(Collected data)
▼

text \<open>The projection onto \<open>y ! i = 0\<close> is \<open>1 - S\<^sub>i S\<^sub>i\<^sup>*\<close>.\<close>
lemma coord_zero_polyalg:
  assumes i: "i < n"
  shows "pmap_kern {y \<in> pts n. y ! i = 0} id \<in> polyalg n"
proof -
  define s where "s y = y[i := Suc (y ! i)]" for y :: "nat list"
  have s_pts: "s ` pts n \<subseteq> pts n"
    by (auto simp: s_def pts_def)
  have kshift_s: "kshift n i = pmap_kern (pts n) s"
    by (simp add: kshift_eq_pmap_kern s_def[abs_def])
  have "inj_on s (pts n)"
    using inj_on_coord_Suc[OF i] by (simp add: s_def[abs_def])
  then have "kadj (kshift n i) = pmap_kern (s ` pts n) (inv_into (pts n) s)"
    unfolding kshift_s by (rule kadj_pmap_kern)
  moreover have "kmult n (kshift n i) (pmap_kern (s ` pts n) (inv_into (pts n) s)) =
      pmap_kern (s ` pts n) id"
    unfolding kshift_s using s_pts
    by (subst kmult_pmap_kern) (auto simp: f_inv_into_f inv_into_into intro!: pmap_kern_cong)
  ultimately have "pmap_kern (s ` pts n) id \<in> polyalg n"
    using polyalg.pa_mult[OF polyalg.pa_shift[OF i] polyalg.pa_shift_adj[OF i]] by simp
  then have "pmap_kern (pts n - s ` pts n) id \<in> polyalg n"
    using s_pts polyalg.pa_id[of n] by (intro pmap_kern_Diff_polyalg) (auto simp: kid_eq_pmap_kern)
  moreover have "pts n - s ` pts n = {y \<in> pts n. y ! i = 0}"
    using pts_Diff_coord_Suc[OF i] by (simp add: s_def[abs_def])
  ultimately show ?thesis
    by simp
qed

lemma vanishing_pts_polyalg:
  assumes "Z \<subseteq> {..<n}"
  shows "pmap_kern {y \<in> pts n. \<forall>k \<in> Z. y ! k = 0} id \<in> polyalg n"
proof -
  have "finite Z"
    using assms finite_subset by blast
  then show ?thesis
    using assms
  proof (induction Z rule: finite_induct)
    case empty
    have "{y \<in> pts n. \<forall>k \<in> {}. y ! k = 0} = pts n"
      by simp
    then show ?case
      using polyalg.pa_id kid_eq_pmap_kern by metis
  next
    case (insert i Z)
    have i: "i < n" and Z: "Z \<subseteq> {..<n}"
      using insert.prems by auto
    have eq: "kmult n (pmap_kern {y \<in> pts n. y ! i = 0} id)
        (pmap_kern {y \<in> pts n. \<forall>k \<in> Z. y ! k = 0} id) =
        pmap_kern {y \<in> pts n. \<forall>k \<in> insert i Z. y ! k = 0} id"
      by (subst kmult_pmap_kern) (auto intro: pmap_kern_cong)
    from polyalg.pa_mult[OF coord_zero_polyalg[OF i] insert.IH[OF Z]] show ?case
      unfolding eq .
  qed
qed
lemma fBm_midpoint_defect_gaussian:
  assumes F: "fBm M H B" and j: "j < (2::nat) ^ k"
  shows "real_gaussian M (\<lambda>\<omega>. midpoint_defect (\<lambda>s. B s \<omega>) k j)"
proof -
  define ts where "ts = [real (2 * j + 1) / 2 ^ Suc k, real j / 2 ^ k, real (j + 1) / 2 ^ k]"
  define cs :: "real list" where "cs = [1, - 1 / 2, - 1 / 2]"
  have "real_gaussian M (\<lambda>\<omega>. \<Sum>i<length ts. cs ! i * B (ts ! i) \<omega>)"
    using dyadic_nodes_in_unit[OF j] by (intro fBm_gaussian_lincomb[OF F]) (auto simp: ts_def cs_def)
  moreover have "(\<Sum>i<length ts. cs ! i * B (ts ! i) \<omega>) = midpoint_defect (\<lambda>s. B s \<omega>) k j" for \<omega>
    by (simp add: ts_def cs_def midpoint_defect_def lessThan_Suc eval_nat_numeral add_divide_distrib)
  ultimately show ?thesis by simp
qed

lemma fBm_midpoint_defect_mean:
  assumes F: "fBm M H B" and j: "j < (2::nat) ^ k"
  shows "integral\<^sup>L M (\<lambda>\<omega>. midpoint_defect (\<lambda>s. B s \<omega>) k j) = 0"
proof -
  note nodes = dyadic_nodes_in_unit[OF j]
  have "integral\<^sup>L M (\<lambda>\<omega>. midpoint_defect (\<lambda>s. B s \<omega>) k j)
      = integral\<^sup>L M (B (real (2 * j + 1) / 2 ^ Suc k))
        - (integral\<^sup>L M (B (real j / 2 ^ k)) + integral\<^sup>L M (B (real (j + 1) / 2 ^ k))) / 2"
    unfolding midpoint_defect_def using fBm_integrable[OF F nodes(1)]
      fBm_integrable[OF F nodes(2)] fBm_integrable[OF F nodes(3)] by simp
  thus ?thesis using fBm_mean[OF F nodes(1)] fBm_mean[OF F nodes(2)] fBm_mean[OF F nodes(3)] by simp
qed

lemma square_midpoint_le: "((y + z) / 2) ^ 2 \<le> (y ^ 2 + z ^ 2) / (2::real)"
  using sum_squares_bound[of y z] by (simp add: power2_eq_square field_simps)
lemma spec_rad_le_max_final_class:
  assumes "final_class f C"
  shows "spec_rad f \<le> max (spec_rad (restr0 C f)) (spec_rad (restr0 (- C) f))"
proof -
  have "\<And>i j. i \<in> C \<Longrightarrow> j \<in> UNIV - C \<Longrightarrow> \<not> graph_arc f i j"
    using assms by (auto simp: final_class_def)
  then have "spec_rad (restr0 UNIV f) \<le> max (spec_rad (restr0 C f)) (spec_rad (restr0 (UNIV - C) f))"
    by (rule spec_rad_restr0_le_max[OF subset_UNIV])
  moreover have "UNIV - C = - C"
    by blast
  ultimately show ?thesis
    by (simp only: spec_rad_restr0_UNIV)
qed

lemma spec_rad_restr0_Compl_less:
  assumes "strongly_nonneg f" and "final_class f C" and "\<forall>C'. final_class f C' \<longrightarrow> C' = C"
  shows "spec_rad (restr0 (- C) f) < spec_rad f"
proof (cases "- C = {}")
  case True
  show ?thesis
    unfolding True spec_rad_restr0_empty by (rule spec_rad_pos)
next
  case False
  then obtain C' where C': "scc f C'" "C' \<inter> - C \<noteq> {}"
    and le_C': "spec_rad (restr0 (- C) f) \<le> spec_rad (restr0 C' f)"
    using spec_rad_restr0_le_scc[OF False] by blast
  have "\<not> final_class f C'"
    using C'(2) assms(3) by blast
  then have "spec_rad (restr0 C' f) < spec_rad f"
    using assms(1) C'(1) by (simp add: strongly_nonneg_def)
  then show ?thesis
    using le_C' by linarith
qed

end

theorem lemma4p8:
  fixes f :: "real^'n \<Rightarrow> real^'n" and C :: "'n set"
  assumes "pos_self_map f" and "order_preserving f" and "homogeneous f" and "mult_convex f"
    and "final_class f C" and "\<forall>C'. final_class f C' \<longrightarrow> C' = C"
  shows "strongly_nonneg f \<longleftrightarrow> spec_rad (restr0 (- C) f) < spec_rad (restr0 C f)"
proof -
  interpret mult_convex_cone_map f
    using assms(1-4) by unfold_locales
  show ?thesis
  proof
    assume sn: "strongly_nonneg f"
    then have "spec_rad (restr0 C f) = spec_rad f"
      using assms(5) unfolding strongly_nonneg_def by blast
    then show "spec_rad (restr0 (- C) f) < spec_rad (restr0 C f)"
      using spec_rad_restr0_Compl_less[OF sn assms(5,6)] by simp
  next
    assume less: "spec_rad (restr0 (- C) f) < spec_rad (restr0 C f)"
    then have r_C: "spec_rad (restr0 C f) = spec_rad f"
      using spec_rad_le_max_final_class[OF assms(5)] spec_rad_restr0_le[of C] by linarith
    have "spec_rad (restr0 C' f) < spec_rad f" if "scc f C'" and "\<not> final_class f C'" for C'
    proof -
      have "C' \<subseteq> - C"
        using scc_subset_Compl_final_class[OF assms(5) that(1)] that(2) assms(5) by blast
      then show ?thesis
        using spec_rad_restr0_mono[of C' "- C"] less r_C by linarith
    qed
    then show "strongly_nonneg f"
      using assms(6) r_C unfolding strongly_nonneg_def by blast
  qed
qed

end
theorem mainTheorem6:
  "\<exists>c::real. \<forall>(R::real set) (B::real set) (ps::(real \<times> bool) list).
     finite R \<and> finite B \<and> R \<inter> B = {} \<and> card R = card B \<and>
     sorted_wrt (\<lambda>p q. fst p < fst q) ps \<and>
     set ps = (\<lambda>r. (r, True)) ` R \<union> (\<lambda>b. (b, False)) ` B
     \<longrightarrow> min_weight_nc_matching R B (set (line_matching ps)) \<and>
         real (T_line_matching ps) \<le> c * real (card R) + c"
proof (intro exI[of _ 12] allI impI, elim conjE)
  fix R B :: "real set" and ps :: "(real \<times> bool) list"
  assume "finite R" "finite B" "R \<inter> B = {}" "card R = card B"
    and sorted: "sorted_wrt (\<lambda>p q. fst p < fst q) ps"
    and "set ps = (\<lambda>r. (r, True)) ` R \<union> (\<lambda>b. (b, False)) ` B"
  then have ps: "set ps = coloured_points R B"
    by (simp add: coloured_points_def)
  have "min_weight_matching R B (set (line_matching ps)) \<and> non_crossing (set (line_matching ps))"
    unfolding line_matching_def
    using \<open>finite R\<close> \<open>finite B\<close> \<open>card R = card B\<close> sorted ps by (rule match_scan_min_weight_non_crossing)
  then have "min_weight_nc_matching R B (set (line_matching ps))"
    unfolding min_weight_nc_matching_def min_weight_matching_def by blast
  moreover have "T_line_matching ps \<le> 12 * card R + 2"
    using T_match_scan_le[of ps "[]"] length_eq_card_coloured_points[OF sorted ps \<open>finite R\<close> \<open>finite B\<close>]
      \<open>card R = card B\<close> by (simp add: T_line_matching_def)
  ultimately show "min_weight_nc_matching R B (set (line_matching ps)) \<and>
      real (T_line_matching ps) \<le> 12 * real (card R) + 12"
    by simp
qed

end
(* Let $G$ be a simple loopless graph on $[L]$ and $p\ge1$. The map $\Phi_p:\Pi_{2p}(G)\to\mathcal{P}_{2p}(G)$ is surjective.
   Context: $\mathcal{T}(G)=\langle v\in[L]: uv=vu \text{ for } (u,v)\in E(G)\rangle$ is the trace monoid of $G$, $e$ the empty word. Words are adjacent, $w_1\leftrightarrow w_2$, if $w_1=vw_2$ or $w_2=vw_1$ for a letter $v$. $\mathcal{P}_{2p}(G)=\{w\in\mathcal{T}(G)^{2p}: e\leftrightarrow w_1\leftrightarrow\cdots\leftrightarrow w_{2p}=e\}$. $P_2(2p)$ is the set of pair partitions of $[2p]$; blocks $\{u_1,v_1\},\{u_2,v_2\}$ cross if $u_1<u_2<v_1<v_2$; $F_\pi$ is the graph on the blocks of $\pi$ with edges between crossing blocks. $\Pi_{2p}(G)=\{(\pi,\phi):\pi\in P_2(2p),\ \phi\in\operatorname{Hom}(F_\pi,G)\}$. Definition of $\Phi_p$ (it takes values in $\mathcal{P}_{2p}(G)$): (1) For $p=1$, if $\phi$ assigns label $i$ to the block $\{1,2\}$, $\Phi_1(\pi,\phi)=(i,e)$. (2) Given $\Phi_p$ and $(\pi,\phi)\in\Pi_{2(p+1)}(G)$, let $r$ be the smallest index that is the larger element of its block, $U=\{s,r\}\in\pi$ with $s<r$, $i_s=\phi(U)$, $\sigma=\pi\setminus\{U\}$, $\psi=\phi|_\sigma$. Identify $P_2([2(p+1)]\setminus\{s,r\})$ with $P_2(2p)$ via the order-preserving bijection, write $u=\Phi_p(\sigma,\psi)=(u_k)_{k\in[2(p+1)]\setminus\{s,r\}}$, and let $u_{k^-}$ be $u_j$ for the largest $j<k$, $j\notin\{s,r\}$, or $e$ if none exists. Then $\Phi_{p+1}(\pi,\phi)_k=u_k$ for $k<s$; $i_su_{s^-}$ for $k=s$; $i_su_k$ for $s<k<r$; $u_{r^-}$ for $k=r$; $u_k$ for $k>r$. *)

theory Defs
  imports Main "HOL-Library.Disjoint_Sets"
begin

text \<open>Traces (elements of the trace monoid T(G)) are represented as equivalence classes
of words (lists of letters) under the congruence generated by uv = vu for E u v.\<close>

type_synonym trace = "nat list set"

definition tswap :: "(nat \<Rightarrow> nat \<Rightarrow> bool) \<Rightarrow> nat list \<Rightarrow> nat list \<Rightarrow> bool" where
  "tswap E xs ys \<longleftrightarrow> (\<exists>as bs u v. E u v \<and> xs = as @ [u, v] @ bs \<and> ys = as @ [v, u] @ bs)"

definition tr_eq :: "(nat \<Rightarrow> nat \<Rightarrow> bool) \<Rightarrow> nat list \<Rightarrow> nat list \<Rightarrow> bool" where
  "tr_eq E = (sup (tswap E) (tswap E)\<inverse>\<inverse>)\<^sup>*\<^sup>*"

definition trace_of :: "(nat \<Rightarrow> nat \<Rightarrow> bool) \<Rightarrow> nat list \<Rightarrow> trace" where
  "trace_of E w = {w'. tr_eq E w w'}"

definition Tmon :: "nat \<Rightarrow> (nat \<Rightarrow> nat \<Rightarrow> bool) \<Rightarrow> trace set" where
  "Tmon L E = {trace_of E w | w. set w \<subseteq> {1..L}}"

definition temp :: "(nat \<Rightarrow> nat \<Rightarrow> bool) \<Rightarrow> trace" where
  "temp E = trace_of E []"

definition lmul :: "(nat \<Rightarrow> nat \<Rightarrow> bool) \<Rightarrow> nat \<Rightarrow> trace \<Rightarrow> trace" where
  "lmul E v t = (\<Union>w\<in>t. trace_of E (v # w))"

definition tadj :: "nat \<Rightarrow> (nat \<Rightarrow> nat \<Rightarrow> bool) \<Rightarrow> trace \<Rightarrow> trace \<Rightarrow> bool" where
  "tadj L E t1 t2 \<longleftrightarrow> (\<exists>v\<in>{1..L}. t1 = lmul E v t2 \<or> t2 = lmul E v t1)"

text \<open>P_{2p}(G): tuples (w_1,...,w_{2p}) stored as a list ws with w_k = ws ! (k-1).\<close>
definition paths :: "nat \<Rightarrow> (nat \<Rightarrow> nat \<Rightarrow> bool) \<Rightarrow> nat \<Rightarrow> trace list set" where
  "paths L E p = {ws. length ws = 2 * p \<and> set ws \<subseteq> Tmon L E
      \<and> tadj L E (temp E) (ws ! 0)
      \<and> (\<forall>k. k + 1 < 2 * p \<longrightarrow> tadj L E (ws ! k) (ws ! (k + 1)))
      \<and> ws ! (2 * p - 1) = temp E}"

▲

■ **WORK TO BE COMPLETED**: Return all lines in the data that include the word "True".

■ **ANSWER SPACE**:
  case True
    unfolding True spec_rad_restr0_empty by (rule spec_rad_pos)
     set ps = (\<lambda>r. (r, True)) ` R \<union> (\<lambda>b. (b, False)) ` B
    and "set ps = (\<lambda>r. (r, True)) ` R \<union> (\<lambda>b. (b, False)) ` B"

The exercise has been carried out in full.